Exercise brief: The span to repeat in the listing below runs from the line containing "(\<forall>S\<in>K. \<forall>T. T" to the line containing "set) \<Rightarrow> 'p", inclusive. Repeat it exactly, and only it.

Input for this task:
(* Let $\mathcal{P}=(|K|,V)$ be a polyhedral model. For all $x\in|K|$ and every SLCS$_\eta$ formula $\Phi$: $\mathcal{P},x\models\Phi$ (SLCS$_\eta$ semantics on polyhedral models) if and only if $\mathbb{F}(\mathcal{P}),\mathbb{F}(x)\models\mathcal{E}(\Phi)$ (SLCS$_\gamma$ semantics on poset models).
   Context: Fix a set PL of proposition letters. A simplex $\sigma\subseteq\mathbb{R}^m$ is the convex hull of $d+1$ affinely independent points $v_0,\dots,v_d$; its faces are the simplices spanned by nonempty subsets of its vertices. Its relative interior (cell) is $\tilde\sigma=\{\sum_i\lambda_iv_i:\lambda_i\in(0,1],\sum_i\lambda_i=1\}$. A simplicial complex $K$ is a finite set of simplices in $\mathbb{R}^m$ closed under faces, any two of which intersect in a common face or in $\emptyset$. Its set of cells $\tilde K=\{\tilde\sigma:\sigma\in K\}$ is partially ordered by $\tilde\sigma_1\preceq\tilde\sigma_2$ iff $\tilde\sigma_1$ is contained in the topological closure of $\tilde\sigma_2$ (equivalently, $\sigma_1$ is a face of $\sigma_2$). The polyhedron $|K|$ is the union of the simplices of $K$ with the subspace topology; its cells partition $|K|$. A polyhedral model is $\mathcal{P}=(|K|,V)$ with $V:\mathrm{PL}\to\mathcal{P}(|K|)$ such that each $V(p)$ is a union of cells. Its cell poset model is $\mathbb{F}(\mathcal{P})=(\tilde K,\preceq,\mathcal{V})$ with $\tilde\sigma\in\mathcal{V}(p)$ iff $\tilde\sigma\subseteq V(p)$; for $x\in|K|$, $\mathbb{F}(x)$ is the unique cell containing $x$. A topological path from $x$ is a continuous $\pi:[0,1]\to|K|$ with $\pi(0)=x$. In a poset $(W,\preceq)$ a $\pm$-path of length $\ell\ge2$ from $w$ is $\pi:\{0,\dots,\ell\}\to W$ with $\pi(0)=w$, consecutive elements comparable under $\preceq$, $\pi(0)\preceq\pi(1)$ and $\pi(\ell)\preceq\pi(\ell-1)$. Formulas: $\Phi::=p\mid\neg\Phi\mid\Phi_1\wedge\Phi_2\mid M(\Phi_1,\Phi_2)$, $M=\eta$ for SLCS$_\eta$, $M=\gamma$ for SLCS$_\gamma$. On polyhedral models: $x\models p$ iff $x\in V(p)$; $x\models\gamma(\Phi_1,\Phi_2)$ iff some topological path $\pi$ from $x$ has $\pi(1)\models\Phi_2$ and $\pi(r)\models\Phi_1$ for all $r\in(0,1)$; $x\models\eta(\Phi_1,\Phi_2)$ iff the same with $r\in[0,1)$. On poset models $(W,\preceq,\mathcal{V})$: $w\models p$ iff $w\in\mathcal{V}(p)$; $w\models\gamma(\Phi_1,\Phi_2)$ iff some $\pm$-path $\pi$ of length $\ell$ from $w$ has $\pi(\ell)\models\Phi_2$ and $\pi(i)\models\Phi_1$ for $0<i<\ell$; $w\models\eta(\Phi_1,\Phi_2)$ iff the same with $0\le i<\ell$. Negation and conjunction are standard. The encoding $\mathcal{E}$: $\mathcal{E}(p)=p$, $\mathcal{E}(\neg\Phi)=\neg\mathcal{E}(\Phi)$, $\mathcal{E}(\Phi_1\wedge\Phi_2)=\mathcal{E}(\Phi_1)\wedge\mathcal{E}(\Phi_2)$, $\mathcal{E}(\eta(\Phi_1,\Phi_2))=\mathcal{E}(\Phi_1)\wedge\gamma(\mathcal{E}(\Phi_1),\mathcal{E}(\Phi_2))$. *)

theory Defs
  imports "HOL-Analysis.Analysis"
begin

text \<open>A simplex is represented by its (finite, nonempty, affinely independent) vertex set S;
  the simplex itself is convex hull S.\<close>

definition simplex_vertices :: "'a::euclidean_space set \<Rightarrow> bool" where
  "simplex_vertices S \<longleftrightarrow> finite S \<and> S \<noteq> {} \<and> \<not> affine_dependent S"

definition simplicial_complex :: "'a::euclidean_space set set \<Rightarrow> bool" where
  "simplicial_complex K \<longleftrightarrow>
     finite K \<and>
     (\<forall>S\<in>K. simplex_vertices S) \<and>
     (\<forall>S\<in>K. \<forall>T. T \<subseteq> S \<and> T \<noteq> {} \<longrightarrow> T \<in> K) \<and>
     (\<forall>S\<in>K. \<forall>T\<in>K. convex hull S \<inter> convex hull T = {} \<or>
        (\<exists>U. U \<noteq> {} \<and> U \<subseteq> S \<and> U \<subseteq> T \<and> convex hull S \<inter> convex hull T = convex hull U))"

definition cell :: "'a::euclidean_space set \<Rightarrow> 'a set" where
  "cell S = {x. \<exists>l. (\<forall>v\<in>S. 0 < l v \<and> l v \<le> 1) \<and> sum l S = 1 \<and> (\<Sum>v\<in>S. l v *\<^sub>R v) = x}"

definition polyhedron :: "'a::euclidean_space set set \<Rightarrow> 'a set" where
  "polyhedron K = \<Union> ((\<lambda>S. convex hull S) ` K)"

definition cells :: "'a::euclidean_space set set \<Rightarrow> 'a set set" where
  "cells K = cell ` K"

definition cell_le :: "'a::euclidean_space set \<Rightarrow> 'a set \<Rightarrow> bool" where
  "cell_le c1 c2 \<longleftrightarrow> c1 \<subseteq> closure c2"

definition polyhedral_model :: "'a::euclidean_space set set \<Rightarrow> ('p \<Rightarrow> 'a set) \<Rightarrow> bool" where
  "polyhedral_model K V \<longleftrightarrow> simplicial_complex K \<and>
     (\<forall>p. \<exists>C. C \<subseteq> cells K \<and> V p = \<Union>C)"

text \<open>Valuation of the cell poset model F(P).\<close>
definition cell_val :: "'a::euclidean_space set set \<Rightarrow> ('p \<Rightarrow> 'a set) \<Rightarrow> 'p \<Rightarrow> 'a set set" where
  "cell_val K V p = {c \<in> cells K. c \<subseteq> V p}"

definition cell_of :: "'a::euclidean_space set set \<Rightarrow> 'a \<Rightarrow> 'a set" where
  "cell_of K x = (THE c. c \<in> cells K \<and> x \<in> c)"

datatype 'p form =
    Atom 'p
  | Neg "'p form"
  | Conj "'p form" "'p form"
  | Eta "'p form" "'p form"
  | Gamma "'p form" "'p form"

Task result:
     (\<forall>S\<in>K. \<forall>T. T \<subseteq> S \<and> T \<noteq> {} \<longrightarrow> T \<in> K) \<and>
     (\<forall>S\<in>K. \<forall>T\<in>K. convex hull S \<inter> convex hull T = {} \<or>
        (\<exists>U. U \<noteq> {} \<and> U \<subseteq> S \<and> U \<subseteq> T \<and> convex hull S \<inter> convex hull T = convex hull U))"

definition cell :: "'a::euclidean_space set \<Rightarrow> 'a set" where
  "cell S = {x. \<exists>l. (\<forall>v\<in>S. 0 < l v \<and> l v \<le> 1) \<and> sum l S = 1 \<and> (\<Sum>v\<in>S. l v *\<^sub>R v) = x}"

definition polyhedron :: "'a::euclidean_space set set \<Rightarrow> 'a set" where
  "polyhedron K = \<Union> ((\<lambda>S. convex hull S) ` K)"

definition cells :: "'a::euclidean_space set set \<Rightarrow> 'a set set" where
  "cells K = cell ` K"

definition cell_le :: "'a::euclidean_space set \<Rightarrow> 'a set \<Rightarrow> bool" where
  "cell_le c1 c2 \<longleftrightarrow> c1 \<subseteq> closure c2"

definition polyhedral_model :: "'a::euclidean_space set set \<Rightarrow> ('p \<Rightarrow> 'a set) \<Rightarrow> bool" where
  "polyhedral_model K V \<longleftrightarrow> simplicial_complex K \<and>
     (\<forall>p. \<exists>C. C \<subseteq> cells K \<and> V p = \<Union>C)"

text \<open>Valuation of the cell poset model F(P).\<close>
definition cell_val :: "'a::euclidean_space set set \<Rightarrow> ('p \<Rightarrow> 'a set) \<Rightarrow> 'p \<Rightarrow> 'a set set" where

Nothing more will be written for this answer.